Книги, больше всего стихов, французских, немецких. «Элегии» Ламартина во многих местах отчеркнуты, где ногтем, где иглой. Среди растрепанных страниц томика заложены два перевода «Озера» на румынский язык, оба написаны рукою домницы. Один Элиаде-Рэдулеску[12], другой — ее собственный. На пожелтелом листке, исписанном острым угловатым почерком, каким потом будут написаны записочки с просьбами и напоминаниями, в уголке было нечто вроде посвящения: «Ради тебя я старалась, Барбу! Наталия. Июль, 1864». Трогательная надпись и стихотворение, действительно самое любимое, вызывали обольстительный образ домницы Наталии, какой была она много лет тому назад да, собственно, осталась и теперь, и напоминали о том счастье, какое было тогда в этом отъединенном от всего мира доме.
И другие комнаты хранили самые разнообразные вещи. Бывший кабинет барона Барбу — ружья и сабли по стенам; буфеты в столовой — тарелки и бокалы, так что можно было хоть сейчас накрывать на стол; чердак — дубовые высокие сундуки, забытые уже тогда, когда барон Барбу еще не родился. В них лежали старинные боярские кафтаны, шапки-ишлаки, чувяки, сбруя, сафьяновые седла, столовые наборы, чернильницы, которые носили на поясе, когда чернила были из бузины, а писали гусиными перьями, сломанные кобзы с порванными струнами, шали и кацавейки.
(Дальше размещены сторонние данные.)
text \<open>The core is Minty's theorem: the resolvent of a maximal monotone operator is defined
  everywhere, hence single-valued and firmly nonexpansive. After a shift one needs a point x with
  \<open>\<langle>v + x, x - a\<rangle> \<le> 0\<close> for every graph point (a, v), and each such gap function is a shifted
  squared distance to the centre (a - v)/2. For finitely many graph points, minimise the largest
  gap over the convex hull of the centres: the minimiser is a convex combination of the centres of
  the active points, and averaging the active gaps with these weights shows, by monotonicity, that
  the minimal value m is nonpositive and that the largest gap at y is at least
  \<open>m + \<parallel>y - x\<parallel>\<^sup>2\<close>. Along the net of finite subsets of the graph the values m therefore
  increase, stay bounded and dominate the squared distances between the minimisers, so the
  minimisers converge, and their limit is the required point.

  The bound then combines three facts. A relaxed step of the averaged map T with \<open>\<lambda>\<^sub>k a \<le> 1\<close>
  does not increase the distance to its fixed point z*. The point xB is the image of z under the nonexpansive resolvent of
  \<open>\<gamma>B\<close>. The point xA is the image of z under \<open>J_\<gamma>A \<circ> (2 J_\<gamma>B - I - \<gamma> C J_\<gamma>B)\<close>, which is
  \<open>(1 + \<gamma>/\<beta>)\<close>-Lipschitz because the reflected resolvent is nonexpansive and C is
  \<open>1/\<beta>\<close>-Lipschitz; the fixed point equation says that this map sends z* to x*.\<close>

definition minty_gap :: "'a::real_inner \<times> 'a \<Rightarrow> 'a \<Rightarrow> real" where
  "minty_gap p x = inner (snd p + x) (x - fst p)"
Конечно, ни один человек не мог бы упомнить обо всем об этом…
Синие зимние сумерки быстро опустились на барский дом, где впервые за много лет загорелись огни. Принесли корзины с кукурузными кочерыжками, затопили печи. Острее запахло плесенью, в печах заиграло пламя. Огромные комнаты, в которых так долго никто не жил, с трудом поддавались на тепло. Кукоана Мица до самого ужина все хлопотала, осматривая каждый уголок и закоулок, прежде чем передать хозяйство на руки Пэуны. Молчаливые батраки, птичницы и работницы с маслобойки, кто сложив руки на животе, кто подперев одной рукой щеку, а другой прикрыв рот, смотрели на все без удивления, без сожаления, но и без радости. Только время от времени какая-нибудь из женщин, припомнив кто знает какую домашнюю неурядицу, проклинала прошлое с его барами и будущее с новыми хозяевами, которые не были лучше прежних и интересовались людьми меньше, чем стульями и лавками.
Урматеку заперся вместе со старостой, чтобы посмотреть счета. Он был весел, выпив перед этим бутылочку вина.
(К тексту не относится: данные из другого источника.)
lemma bind_bernoulli_pmf_of_set_Un:
  assumes "finite A" "finite B" "A \<noteq> {}" "B \<noteq> {}" "A \<inter> B = {}"
  shows "bind_pmf (bernoulli_pmf (real (card B) / real (card (A \<union> B))))
      (\<lambda>c. if c then pmf_of_set B else pmf_of_set A) = pmf_of_set (A \<union> B)"
proof (rule pmf_eqI)
  fix x
  let ?p = "real (card B) / real (card (A \<union> B))"
  let ?M = "bind_pmf (bernoulli_pmf ?p) (\<lambda>c. if c then pmf_of_set B else pmf_of_set A)"
  have card_Un: "card (A \<union> B) = card A + card B"
    using assms by (simp add: card_Un_disjoint)
  moreover have "card A > 0" "card B > 0"
    using assms by auto
  ultimately have "0 \<le> ?p" "?p \<le> 1"
    by auto
  then have "pmf ?M x = pmf (pmf_of_set B) x * ?p + pmf (pmf_of_set A) x * (1 - ?p)"
    by (simp add: pmf_bind)
  also have "1 - ?p = real (card A) / real (card (A \<union> B))"
    using card_Un \<open>card A > 0\<close> by (simp add: field_simps)
  also have "pmf (pmf_of_set B) x * ?p + pmf (pmf_of_set A) x * \<dots> = pmf (pmf_of_set (A \<union> B)) x"
    using assms \<open>card A > 0\<close> \<open>card B > 0\<close> by (auto simp: indicator_def)
  finally show "pmf ?M x = pmf (pmf_of_set (A \<union> B)) x" .
qed

definition opt_set :: "(nat \<Rightarrow> int) \<Rightarrow> (nat \<Rightarrow> int) \<Rightarrow> nat \<Rightarrow> int \<Rightarrow> nat set set" where
  "opt_set wt val i w = {s. s \<subseteq> {1..i} \<and> (\<Sum>j\<in>s. wt j) \<le> w
     \<and> ereal (real_of_int (\<Sum>j\<in>s. val j)) = Vtab wt val i w}"

abbreviation Vtab_take :: "(nat \<Rightarrow> int) \<Rightarrow> (nat \<Rightarrow> int) \<Rightarrow> nat \<Rightarrow> int \<Rightarrow> ereal" where
  "Vtab_take wt val i w \<equiv> Vtab wt val i (w - wt (Suc i)) + ereal (real_of_int (val (Suc i)))"

lemma Vtab_negative: "w < 0 \<Longrightarrow> Vtab wt val i w = -\<infinity>"
  by (cases i) auto

lemma Vtab_nonneg: "0 \<le> w \<Longrightarrow> 0 \<le> Vtab wt val i w"
  by (induction i) (auto simp: le_max_iff_disj)

lemma item_fits_if_Vtab_le_Vtab_take:
  assumes "0 \<le> w" "Vtab wt val i w \<le> Vtab_take wt val i w"
  shows "wt (Suc i) \<le> w"
proof (rule ccontr)
  assume "\<not> wt (Suc i) \<le> w"
  then have "Vtab_take wt val i w = -\<infinity>"
    by (simp add: Vtab_negative)
  with assms Vtab_nonneg[of w wt val i] show False
    by simp
qed

lemma sum_val_le_Vtab:
  assumes "\<forall>j\<in>{1..i}. 0 \<le> wt j" "s \<subseteq> {1..i}" "(\<Sum>j\<in>s. wt j) \<le> w"
  shows "ereal (real_of_int (\<Sum>j\<in>s. val j)) \<le> Vtab wt val i w"
  using assms
proof (induction i arbitrary: s w)
  case 0
  then show ?case by auto
next
  case (Suc i)
  have nonneg: "\<forall>j\<in>{1..i}. 0 \<le> wt j"
    using Suc.prems(1) by auto
  have "0 \<le> w"
    using Suc.prems sum_nonneg[of s wt] by fastforce
  then have V: "Vtab wt val (Suc i) w = max (Vtab wt val i w) (Vtab_take wt val i w)"
    by simp
  show ?case
  proof (cases "Suc i \<in> s")
    case False
    then have "s \<subseteq> {1..i}"
      using Suc.prems(2) by (auto simp: le_Suc_eq)
    then show ?thesis
      unfolding V using Suc.IH[OF nonneg _ Suc.prems(3)] by (simp add: le_max_iff_disj)
  next
    case True
    define t where "t = s - {Suc i}"
    have s: "s = insert (Suc i) t" "Suc i \<notin> t" "finite t"
      using True Suc.prems(2) finite_subset by (auto simp: t_def)
    have "t \<subseteq> {1..i}"
      using Suc.prems(2) by (auto simp: t_def le_Suc_eq)
    moreover have "(\<Sum>j\<in>t. wt j) \<le> w - wt (Suc i)"
      using Suc.prems(3) s by simp
    ultimately have "ereal (real_of_int (\<Sum>j\<in>t. val j)) \<le> Vtab wt val i (w - wt (Suc i))"
      by (rule Suc.IH[OF nonneg])
    then have "ereal (real_of_int (\<Sum>j\<in>s. val j)) \<le> Vtab_take wt val i w"
      unfolding s(1) ereal_sum_insert[OF s(3,2)] by (rule add_right_mono)
    then show ?thesis
      unfolding V by (simp add: le_max_iff_disj)
  qed
qed

lemma opt_set_negative: "w < 0 \<Longrightarrow> opt_set wt val i w = {}"
  by (simp add: opt_set_def Vtab_negative)

lemma opt_set_0: "0 \<le> w \<Longrightarrow> opt_set wt val 0 w = {{}}"
  by (auto simp: opt_set_def)

lemma opt_set_Suc_skipD:
  assumes "\<forall>j\<in>{1..i}. 0 \<le> wt j" "0 \<le> w"
    and s: "s \<in> opt_set wt val (Suc i) w" "Suc i \<notin> s"
  shows "s \<in> opt_set wt val i w" "Vtab wt val i w = Vtab wt val (Suc i) w"
proof -
  from s have "s \<subseteq> {1..i}" "(\<Sum>j\<in>s. wt j) \<le> w"
    and val_s: "ereal (real_of_int (\<Sum>j\<in>s. val j)) = Vtab wt val (Suc i) w"
    by (auto simp: opt_set_def le_Suc_eq)
  moreover from this have "ereal (real_of_int (\<Sum>j\<in>s. val j)) \<le> Vtab wt val i w"
    using sum_val_le_Vtab[OF assms(1)] by blast
  ultimately show "Vtab wt val i w = Vtab wt val (Suc i) w"
    using \<open>0 \<le> w\<close> by (auto intro: antisym)
  with \<open>s \<subseteq> {1..i}\<close> \<open>(\<Sum>j\<in>s. wt j) \<le> w\<close> val_s show "s \<in> opt_set wt val i w"
    by (simp add: opt_set_def)
qed

lemma opt_set_Suc_takeD:
  assumes "\<forall>j\<in>{1..i}. 0 \<le> wt j" "0 \<le> w"
    and s: "s \<in> opt_set wt val (Suc i) w" "Suc i \<in> s"
  shows "s - {Suc i} \<in> opt_set wt val i (w - wt (Suc i))"
    "Vtab_take wt val i w = Vtab wt val (Suc i) w"
proof -
  define t where "t = s - {Suc i}"
  from s have "s \<subseteq> {1..Suc i}" "(\<Sum>j\<in>s. wt j) \<le> w"
    and val_s: "ereal (real_of_int (\<Sum>j\<in>s. val j)) = Vtab wt val (Suc i) w"
    by (auto simp: opt_set_def)
  then have st: "s = insert (Suc i) t" "Suc i \<notin> t" "finite t"
    using s(2) finite_subset by (auto simp: t_def)
  have "t \<subseteq> {1..i}"
    using \<open>s \<subseteq> {1..Suc i}\<close> by (auto simp: t_def le_Suc_eq)
  moreover have "(\<Sum>j\<in>t. wt j) \<le> w - wt (Suc i)"
    using \<open>(\<Sum>j\<in>s. wt j) \<le> w\<close> st by simp
  ultimately have t: "t \<subseteq> {1..i}" "(\<Sum>j\<in>t. wt j) \<le> w - wt (Suc i)" .
  have val_st: "ereal (real_of_int (\<Sum>j\<in>s. val j))
      = ereal (real_of_int (\<Sum>j\<in>t. val j)) + ereal (real_of_int (val (Suc i)))"
    unfolding st(1) by (rule ereal_sum_insert[OF st(3,2)])
  have "ereal (real_of_int (\<Sum>j\<in>t. val j)) \<le> Vtab wt val i (w - wt (Suc i))"
    by (rule sum_val_le_Vtab[OF assms(1) t])
  then have "ereal (real_of_int (\<Sum>j\<in>s. val j)) \<le> Vtab_take wt val i w"
    unfolding val_st by (rule add_right_mono)
  then show take: "Vtab_take wt val i w = Vtab wt val (Suc i) w"
    using val_s \<open>0 \<le> w\<close> by (auto intro: antisym)
  then have "ereal (real_of_int (\<Sum>j\<in>t. val j)) = Vtab wt val i (w - wt (Suc i))"
    using val_s unfolding val_st take[symmetric]
    by (cases "Vtab wt val i (w - wt (Suc i))") auto
  with t show "s - {Suc i} \<in> opt_set wt val i (w - wt (Suc i))"
    by (simp add: opt_set_def t_def)
qed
Новые хозяева ужинали тем, что удалось найти на птичьем дворе и в конторе. Все сидели за большим круглым столом под большой висячей лампой. Ели молча, каждый по-своему очарованный и завороженный этим домом. Из вежливости, но и из необходимости хоть как-то объяснить внимание, с каким он глядел на белоснежные руки мадемуазель Элен, Урматеку спросил:
— А тебе, мадемуазель, понравилось у нас здесь?
Элен со смущенной улыбкой, прося извинения за невнимательность, так как мысли унесли ее куда-то далеко-далеко, торопливо ответила:
— Красиво, очень красиво… романтично!
— Вот видишь! То-то! — заключил Янку. — Если тебе тут нравится, придется бывать почаще!
Янку пристально и многозначительно посмотрел на нее и, налив золотистого ароматного вина, посоветовал пить как можно медленней, чтобы насладиться букетом.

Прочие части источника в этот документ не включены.